Bryan Varblow

The Human Factor: The Most Vulnerable Link in Security

One of the best speakers that I’ve heard recently in the area of cybersecurity had an advanced degree in the social sciences rather than technology. Not surprisingly, security experts are increasingly seeing the threat of social engineering in exploiting the human factor of security. Securing your systems and the sensitive data they contain (whether it’s financial data, personally identifiable information (PII) or otherwise), requires training and buy-in from your entire organization. Data security goes far beyond your IT department and the safeguards they can put in place.

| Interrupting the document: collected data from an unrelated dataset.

(* Let $n\geq 4$ and let $S$ be any meet-semilattice of order $n$ having a greatest element. Then \[ \sum_{s\in S}|\mathrm{cov}_1(s)|\leq\sum_{s\in F_n}|\mathrm{cov}_1(s)|, \] where $F_n=\{0,a_1,\ldots,a_{n-2},1\}$ is the meet-semilattice of order $n$ with least element $0$, greatest element $1$, and $a_1,\ldots,a_{n-2}$ pairwise incomparable.
   Context: The meet is written as multiplication. For a semilattice $S$ and $s\in S$, $\mathrm{cov}_1(s)$ denotes the set of equations $xa=xa'$ ($a,a'\in S$; formally ordered pairs $(a,a')$) satisfied by $s$, i.e. with $sa=sa'$; thus $|\mathrm{cov}_1(s)|=|\{(a,a')\in S\times S\mid sa=sa'\}|$. *)

theory Defs
  imports Main
begin

definition meet_semilattice :: "'a set \<Rightarrow> ('a \<Rightarrow> 'a \<Rightarrow> 'a) \<Rightarrow> bool" where
  "meet_semilattice S m \<longleftrightarrow>
     (\<forall>x\<in>S. \<forall>y\<in>S. m x y \<in> S) \<and>
     (\<forall>x\<in>S. m x x = x) \<and>
     (\<forall>x\<in>S. \<forall>y\<in>S. m x y = m y x) \<and>
     (\<forall>x\<in>S. \<forall>y\<in>S. \<forall>z\<in>S. m (m x y) z = m x (m y z))"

If you have all the doors bolted and the windows locked in your house, but someone gives the criminal the keys, have all those security measures really done you any good? Your network might be configured with a proxy server that prevents users from accidentally accessing malicious websites. Maybe someone in your finance department then gets an email along the lines of “I’ve provided a secure invoice for payment. Click the link below to access that secure invoice. Your login for any major email provider will grant you the needed access.” Obviously, this is a phishing email with a link that directs them to a website intent on stealing their login credentials. Your proxy server is going to prevent them from accessing that website though, so you’re perfectly protected, right? But, wait a minute, suppose they’re working from home that day and accessing their email. When they click on that link, there’s no proxy server at home or security policies on their computer to block the access. They go ahead and enter their credentials, giving someone the digitals keys for at least one of your doors.

Even if there are best-practice security standards in place and you’ve invested in robust security software, ensuring users are abiding by those standards is critical. Are users sharing login credentials to certain systems for the sake of convenience? Are users writing down their passwords on sticky notes because it’s too hard to remember all the passwords that are changing every few months? Are users following their training on how to securely handle sensitive data, such as not including such data in emails or storing it on their local hard drive? (They are trained on this, right?)

Your systems are only as secure as your users allow them to be. At times, I’ve heard comments like, “You can patch a server, but you can’t patch stupid.” These types of fatalistic comments aren’t particularly helpful. The users in your organization will generally live up to the expectations that you set for them. If you approach cybersecurity from the perspective that it’s useless to expect people to abide by certain standards of conduct, then they will inevitably fail to live up to those standards. If you provide training, encouragement and optimism to people in your organization, then your chances of successfully securing your systems are drastically increased. Of course, having strong IT standards and practices will provide the second level of defense when mistakes are made, such as the occasional accidental clicking of a malicious hyperlink. We are all human, after all, so it’s great to have those safety nets in place. But system security truly requires a multifaceted approach and must be an organization-wide initiative.